Griekse filosoof Porphyrius bewonderde de God van de Joodse Bijbel
APELDOORN. Hoe kon het toch dat de Griekse filosoof Porphyrius, die zo’n hekel had aan het christendom, zo’n voorliefde koesterde voor het Jodendom? Prof. dr. Pieter W. van der Horst probeerde dinsdagavond in Apeldoorn een antwoord op deze vraag te formuleren.
De emeritus hoogleraar sprak voor het genootschap Ex Oriente Lux over ”Porphyrius van Tyrus en het Jodendom”. Ex Oriente Lux (Het licht komt uit het Oosten) is een vereniging die door middel van lezingen op verschillende plaatsen in Nederland de kennis van het Oude Nabije Oosten voor een breed publiek wil bevorderen.
Prof. Van der Horst doceerde tot zijn emeritaat in 2006 Nieuwe Testament aan de Universiteit Utrecht. Hij is een kenner van de hellenistische periode, het vroege christendom en het Jodendom. In zijn lezing over de markante Griekse filosoof Porphyrius (234 tot 305 na Christus) stond niet diens felle bestrijding van het christendom centraal, maar zijn opvallende voorliefde voor het Jodendom en de bewondering voor de God van de Joodse Bijbel.
Mozes
De platonist Porphyrius werd berucht vanwege zijn fulmineren tegen het christendom. Christenen waren in zijn ogen „te dom voor woorden.” Hoewel hij zich opvallend positief over het Jodendom en de God van de Joodse Bijbel uitliet, moest hij in zijn afkraken van het christendom soms ook het Jodendom betrekken. Porphyrius vond het vanuit zijn platonische filosofie een „stupiditeit” dat in Genesis het eten van de boom van goed en kwaad wordt verboden. Hij betwijfelde ook het auteurschap van het boek Daniël, en daarmee was hij volgens prof. Van der Horst een voorloper van de moderne Bijbelkritiek. Porphyrius wilde met het onderuithalen van Daniël vooral de christenen treffen, omdat hun eindtijdverwachtingen vooral op dit boek waren gebaseerd.
Met zijn sympathie voor het Jodendom moet de filosoof volgens prof. Van der Horst worden gezien in een bredere context en tendensen in de Griekse cultuur van zijn tijd. Dat Porphyrius niet de enige was met een neiging tot het monotheïsme bewees de hoogleraar met vele getuigenissen uit Porphyrius’ tijd. Daaruit blijkt dat de Grieken zich afwendden van hun goden met hun verwerpelijk gedrag en Joden met hun godsdienst als hoogstaand worden gezien.
Prof. Van der Horst wees op overgeleverde Griekse orakels die het Jodendom prijzen. Porphyrius’ liefde voor het Jodendom blijft opmerkelijk, aldus de hoogleraar, maar toch is Porphyrius geen uitzondering. Hij citeerde de Griekse filosoof Numenius die Mozes zozeer bewonderde dat hij eens Plato de ”Grieksprekende Mozes” noemde. „Dat betekent een geweldig compliment voor Mozes.”

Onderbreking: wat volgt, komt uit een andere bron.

lemma nn_integral_mid:
  assumes t: "0 \<le> t"
  shows "(\<integral>\<^sup>+u. ennreal ((1 - tail u) * exp (u - t)) * indicator {0..t} u \<partial>lborel) =
      ennreal (mid_antideriv t t - mid_antideriv t 0)"
    and "mid_antideriv t 0 \<le> mid_antideriv t t"
proof -
  have F: "(mid_antideriv t has_real_derivative (1 - tail x) * exp (x - t)) (at x)" for x
  proof -
    have "(mid_antideriv t has_real_derivative
        exp (x - t) * (1 - 0) + norm_const * exp (- t) * - eseries (bessel_coeff 2) 1 x) (at x)"
      unfolding mid_antideriv_def[abs_def]
      by (intro DERIV_add DERIV_cmult shifted_coeff_has_derivative DERIV_chain2[OF DERIV_exp]
          DERIV_diff DERIV_ident DERIV_const) simp
    moreover have "exp (- t) = exp (x - t) * exp (- x)" by (simp add: exp_add[symmetric])
    ultimately show ?thesis
      by (simp add: tail_def eseries_2[OF entire_bessel_coeff] algebra_simps)
  qed
  have nonneg: "0 \<le> (1 - tail x) * exp (x - t)" if "0 \<le> x" for x
    using tail_le_half[OF that] by simp
  show "(\<integral>\<^sup>+u. ennreal ((1 - tail u) * exp (u - t)) * indicator {0..t} u \<partial>lborel) =
      ennreal (mid_antideriv t t - mid_antideriv t 0)"
    and "mid_antideriv t 0 \<le> mid_antideriv t t"
    using nn_integral_FTC_Icc[OF t F nonneg] by auto
qed

lemma nn_integral_right:
  assumes t: "0 \<le> t"
  shows "(\<integral>\<^sup>+u. ennreal ((1 - tail u) * exp (t - u)) * indicator {t..} u \<partial>lborel) =
      ennreal (1 - norm_const * exp t * eseries (shifted_coeff 3) 3 t)"
    and "norm_const * exp t * eseries (shifted_coeff 3) 3 t \<le> 1"
proof -
  define H where "H u = exp t * (- exp (- u) + norm_const * eseries (shifted_coeff 3) 3 u)" for u
  have F: "(H has_real_derivative (1 - tail x) * exp (t - x)) (at x)" for x
  proof -
    have "(H has_real_derivative
        exp t * (- (exp (- x) * - 1) + norm_const * - eseries (bessel_coeff 2) 3 x)) (at x)"
      unfolding H_def[abs_def]
      by (intro DERIV_add DERIV_cmult shifted_coeff_has_derivative DERIV_minus
          DERIV_chain2[OF DERIV_exp] DERIV_ident) simp
    moreover have "exp (t - x) = exp t * exp (- x)" by (simp add: exp_add[symmetric])
    ultimately show ?thesis
      by (simp add: tail_def eseries_3[OF entire_bessel_coeff] algebra_simps)
  qed
  have nonneg: "0 \<le> (1 - tail x) * exp (t - x)" if "t \<le> x" for x
    using tail_le_half[of x] that t by simp
  have "((\<lambda>u. - exp (- u) + norm_const * eseries (shifted_coeff 3) 3 u) \<longlongrightarrow> - 0 + norm_const * 0) at_top"
    by (intro tendsto_intros eseries_tendsto_zero[OF entire_shifted_coeff]
        filterlim_compose[OF exp_at_bot filterlim_uminus_at_bot_at_top]) auto
  then have lim: "(H \<longlongrightarrow> 0) at_top"
    unfolding H_def using tendsto_mult_right_zero by fastforce
  have Ht: "H t = - 1 + norm_const * exp t * eseries (shifted_coeff 3) 3 t"
    unfolding H_def by (simp add: algebra_simps exp_minus_inverse)
  have f: "(\<lambda>u. (1 - tail u) * exp (t - u)) \<in> borel_measurable borel" by measurable
  show "(\<integral>\<^sup>+u. ennreal ((1 - tail u) * exp (t - u)) * indicator {t..} u \<partial>lborel) =
      ennreal (1 - norm_const * exp t * eseries (shifted_coeff 3) 3 t)"
    and "norm_const * exp t * eseries (shifted_coeff 3) 3 t \<le> 1"
    using nn_integral_FTC_Ici[where a = t, OF f F nonneg lim] unfolding Ht by auto
qed

section \<open>The candidate stationary law\<close>

abbreviation stat_law :: "real measure" where
  "stat_law \<equiv> density lborel (\<lambda>d. ennreal (rho_inf d))"

definition stat_cdf :: "real \<Rightarrow> real" where
  "stat_cdf u = (if u < 0 then tail (- u) else 1 - tail u)"

lemma rho_inf_borel[measurable]: "rho_inf \<in> borel_measurable borel"
  unfolding rho_inf_radial[abs_def] using radial_rho_borel by measurable

lemma rho_inf_even: "rho_inf (- d) = rho_inf d"
  unfolding rho_inf_radial by simp

lemma nn_integral_rho_inf_Ici:
  assumes "0 \<le> s"
  shows "(\<integral>\<^sup>+v. ennreal (rho_inf v) * indicator {s..} v \<partial>lborel) = ennreal (tail s)"
proof -
  have "(\<integral>\<^sup>+v. ennreal (rho_inf v) * indicator {s..} v \<partial>lborel) =
      (\<integral>\<^sup>+v. ennreal (radial_rho v) * indicator {s..} v \<partial>lborel)"
    using assms by (intro nn_integral_cong) (auto simp: rho_inf_radial split: split_indicator)
  also have "\<dots> = ennreal (tail s)" by (rule nn_integral_radial_rho_Ici[OF assms])
  finally show ?thesis .
qed

lemma nn_integral_rho_inf_Iic:
  assumes "0 \<le> s"
  shows "(\<integral>\<^sup>+v. ennreal (rho_inf v) * indicator {..-s} v \<partial>lborel) = ennreal (tail s)"
proof -
  have "(\<integral>\<^sup>+v. ennreal (rho_inf v) * indicator {..-s} v \<partial>lborel) =
      (\<integral>\<^sup>+v. ennreal (rho_inf (- v)) * indicator {..-s} (- v) \<partial>lborel)"
    by (rule nn_integral_lborel_reflect) measurable
  also have "\<dots> = (\<integral>\<^sup>+v. ennreal (rho_inf v) * indicator {s..} v \<partial>lborel)"
    by (intro nn_integral_cong) (auto simp: rho_inf_even split: split_indicator)
  finally show ?thesis using nn_integral_rho_inf_Ici[OF assms] by simp
qed

lemma nn_integral_rho_inf_Iio_0:
  "(\<integral>\<^sup>+v. ennreal (rho_inf v) * indicator {..<0} v \<partial>lborel) = ennreal (1 / 2)"
proof -
  have "(\<integral>\<^sup>+v. ennreal (rho_inf v) * indicator {..<0} v \<partial>lborel) =
      (\<integral>\<^sup>+v. ennreal (rho_inf v) * indicator {..-0} v \<partial>lborel)"
    by (rule nn_integral_lborel_indicator_point[of 0]) auto
  then show ?thesis using nn_integral_rho_inf_Iic[of 0] tail_zero by simp
qed

lemma nn_integral_rho_inf_Icc:
  assumes t: "0 \<le> t"
  shows "(\<integral>\<^sup>+v. ennreal (rho_inf v) * indicator {0..t} v \<partial>lborel) = ennreal (1 / 2 - tail t)"
proof -
  have "(\<integral>\<^sup>+v. ennreal (rho_inf v) * indicator {0..t} v \<partial>lborel) =
      (\<integral>\<^sup>+v. ennreal (radial_rho v) * indicator {0..t} v \<partial>lborel)"
    by (intro nn_integral_cong) (auto simp: rho_inf_radial split: split_indicator)
  also have "\<dots> = ennreal (- tail t - - tail 0)"
    using DERIV_minus[OF tail_has_derivative] radial_rho_nonneg
    by (intro nn_integral_FTC_Icc(1)[OF t]) auto
  finally show ?thesis by (simp add: tail_zero)
qed

lemma emeasure_stat_law:
  "A \<in> sets borel \<Longrightarrow> emeasure stat_law A = (\<integral>\<^sup>+x. ennreal (rho_inf x) * indicator A x \<partial>lborel)"
  by (subst emeasure_density) auto

lemma emeasure_stat_law_split:
  assumes "B \<subseteq> {0..}" "B \<in> sets borel"
  shows "emeasure stat_law ({..<0} \<union> B) = ennreal (1 / 2) + (\<integral>\<^sup>+x. ennreal (rho_inf x) * indicator B x \<partial>lborel)"
proof -
  have "emeasure stat_law ({..<0} \<union> B) =
      (\<integral>\<^sup>+x. ennreal (rho_inf x) * indicator {..<0} x + ennreal (rho_inf x) * indicator B x \<partial>lborel)"
    using assms by (subst emeasure_stat_law) (auto intro!: nn_integral_cong split: split_indicator)
  then show ?thesis
    using assms(2) by (simp add: nn_integral_add nn_integral_rho_inf_Iio_0)
qed

lemma real_distribution_stat_law: "real_distribution stat_law"
proof -
  have "UNIV = {..<0} \<union> {0::real..}" by auto
  then have "emeasure stat_law UNIV = emeasure stat_law ({..<0} \<union> {0..})" by simp
  also have "\<dots> = ennreal (1 / 2) + ennreal (1 / 2)"
    by (simp add: emeasure_stat_law_split nn_integral_rho_inf_Ici tail_zero)
  also have "\<dots> = 1" by (subst ennreal_plus[symmetric]) auto
  finally have "prob_space stat_law" by (intro prob_spaceI) simp
  then show ?thesis by (simp add: real_distribution_def real_distribution_axioms_def)
qed

lemma emeasure_stat_law_Iic: "emeasure stat_law {..t} = ennreal (stat_cdf t)"
proof (cases "t < 0")
  case True
  then show ?thesis
    using emeasure_stat_law[of "{..- (- t)}"] nn_integral_rho_inf_Iic[of "- t"]
    by (simp add: stat_cdf_def)
next
  case False
  then have "{..t} = {..<0} \<union> {0..t}" by auto
  then have "emeasure stat_law {..t} = ennreal (1 / 2) + ennreal (1 / 2 - tail t)"
    using False by (simp add: emeasure_stat_law_split nn_integral_rho_inf_Icc)
  also have "\<dots> = ennreal (1 - tail t)"
    using tail_le_half[of t] False by (subst ennreal_plus[symmetric]) auto
  finally show ?thesis using False by (simp add: stat_cdf_def)
qed

lemma stat_cdf_reflect: "stat_cdf (- u) = 1 - stat_cdf u"
  by (auto simp: stat_cdf_def tail_zero)

lemma stat_cdf_range: "0 \<le> stat_cdf u" "stat_cdf u \<le> 1"
  unfolding stat_cdf_def using tail_nonneg[of "- u"] tail_le_half[of "- u"]
    tail_nonneg[of u] tail_le_half[of u] by auto

lemma cdf_stat_law: "cdf stat_law t = stat_cdf t"
proof -
  interpret real_distribution stat_law by (rule real_distribution_stat_law)
  show ?thesis
    using emeasure_stat_law_Iic[of t] stat_cdf_range[of t] by (simp add: cdf_def2 emeasure_eq_measure)
qed

lemma stat_cdf_borel[measurable]: "stat_cdf \<in> borel_measurable borel"
  unfolding stat_cdf_def[abs_def] by measurable

section \<open>The standard exponential distribution\<close>

lemma prob_space_std_exp: "prob_space std_exp"
  unfolding std_exp_def by (rule prob_space_exponential_density) simp

lemma sets_std_exp[measurable_cong, simp]: "sets std_exp = sets borel"
  unfolding std_exp_def by simp

lemma space_std_exp[simp]: "space std_exp = UNIV"
  using sets_eq_imp_space_eq[OF sets_std_exp] by simp

lemma nn_integral_std_exp:
  "f \<in> borel_measurable borel \<Longrightarrow>
     (\<integral>\<^sup>+x. f x \<partial>std_exp) = (\<integral>\<^sup>+x. ennreal (exponential_density 1 x) * f x \<partial>lborel)"
  unfolding std_exp_def by (subst nn_integral_density) auto

lemma emeasure_std_exp_Iic: "0 \<le> a \<Longrightarrow> emeasure std_exp {..a} = ennreal (1 - exp (- a))"
  unfolding std_exp_def by (simp add: emeasure_erlang_density erlang_CDF_0)

lemma std_exp_negative_null: "{..<0} \<in> null_sets std_exp"
proof -
  have "emeasure std_exp {..<0} \<le> emeasure std_exp {..0}" by (intro emeasure_mono) auto
  then show ?thesis using emeasure_std_exp_Iic[of 0] by (simp add: null_sets_def)
qed

lemma emeasure_std_exp_Ioi:
  assumes a: "0 \<le> a"
  shows "emeasure std_exp {a<..} = ennreal (exp (- a))"
proof -
  interpret prob_space std_exp by (rule prob_space_std_exp)
  have "prob {a<..} = 1 - prob {..a}"
    using prob_compl[of "{..a}"] by (simp add: Compl_eq_Diff_UNIV[symmetric] not_le)
  moreover have "prob {..a} = 1 - exp (- a)"
    using emeasure_std_exp_Iic[OF a] a by (simp add: emeasure_eq_measure)
  ultimately show ?thesis by (simp add: emeasure_eq_measure)
qed

lemma emeasure_std_exp_Ici:
  assumes a: "0 \<le> a"
  shows "emeasure std_exp {a..} = ennreal (exp (- a))"
proof -
  have "(\<integral>\<^sup>+x. ennreal (exponential_density 1 x) * indicator {a..} x \<partial>lborel) =
      (\<integral>\<^sup>+x. ennreal (exponential_density 1 x) * indicator {a<..} x \<partial>lborel)"
    by (rule nn_integral_lborel_indicator_point[of a]) auto
  then have "emeasure std_exp {a..} = emeasure std_exp {a<..}"
    by (simp add: std_exp_def emeasure_density)
  then show ?thesis using emeasure_std_exp_Ioi[OF a] by simp
qed

text \<open>The density of X - Y for independent standard exponential X and Y is the
  Laplace density exp (- abs s) / 2.\<close>
lemma exp_density_autocorrelation:
  "(\<integral>\<^sup>+x. ennreal (exponential_density 1 x) * ennreal (exponential_density 1 (x - s)) \<partial>lborel)
     = ennreal (exp (- \<bar>s\<bar>) / 2)"
proof -
  define m where "m = max 0 s"
  have "(\<integral>\<^sup>+x. ennreal (exponential_density 1 x) * ennreal (exponential_density 1 (x - s)) \<partial>lborel)
      = (\<integral>\<^sup>+x. ennreal (exp s * exp (- 2 * x)) * indicator {m..} x \<partial>lborel)"
    unfolding m_def
    by (intro nn_integral_cong)
       (auto simp: exponential_density_def ennreal_mult'[symmetric] exp_add[symmetric] split: split_indicator)
  also have "\<dots> = ennreal (0 - (- (exp s * exp (- 2 * m) / 2)))"
  proof (rule nn_integral_FTC_Ici(1))
    show "((\<lambda>x. - (exp s * exp (- 2 * x) / 2)) has_real_derivative exp s * exp (- 2 * x)) (at x)" for x
      by (auto intro!: derivative_eq_intros)
    have "filterlim (\<lambda>x::real. 2 * x) at_top at_top"
      by (intro filterlim_tendsto_pos_mult_at_top[OF tendsto_const]) (auto simp: filterlim_ident)
    then have "((\<lambda>x::real. exp (- (2 * x))) \<longlongrightarrow> 0) at_top"
      by (intro filterlim_compose[OF exp_at_bot]) (simp add: filterlim_uminus_at_top)
    then show "((\<lambda>x. - (exp s * exp (- 2 * x) / 2)) \<longlongrightarrow> 0) at_top"
      using tendsto_minus[OF tendsto_divide_zero[OF tendsto_mult_right_zero, of _ _ "exp s" 2]] by simp
  qed auto
  also have "exp s * exp (- 2 * m) = exp (- \<bar>s\<bar>)"
    unfolding m_def by (auto simp: exp_add[symmetric] max_def abs_if)
  finally show ?thesis by simp
qed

De Utrechtse emeritus hoogleraar bracht de opkomende populariteit van een nieuwe godsdienst, de cultus waarin de Allerhoogste werd aanbeden, in verband met de grote groep ”godvrezenden” uit het Nieuwe Testament. De donatieakten voor synagogen vermelden vele namen van godvrezenden waaruit volgens de nieuwtestamenticus hun sympathie met het Jodendom bleek.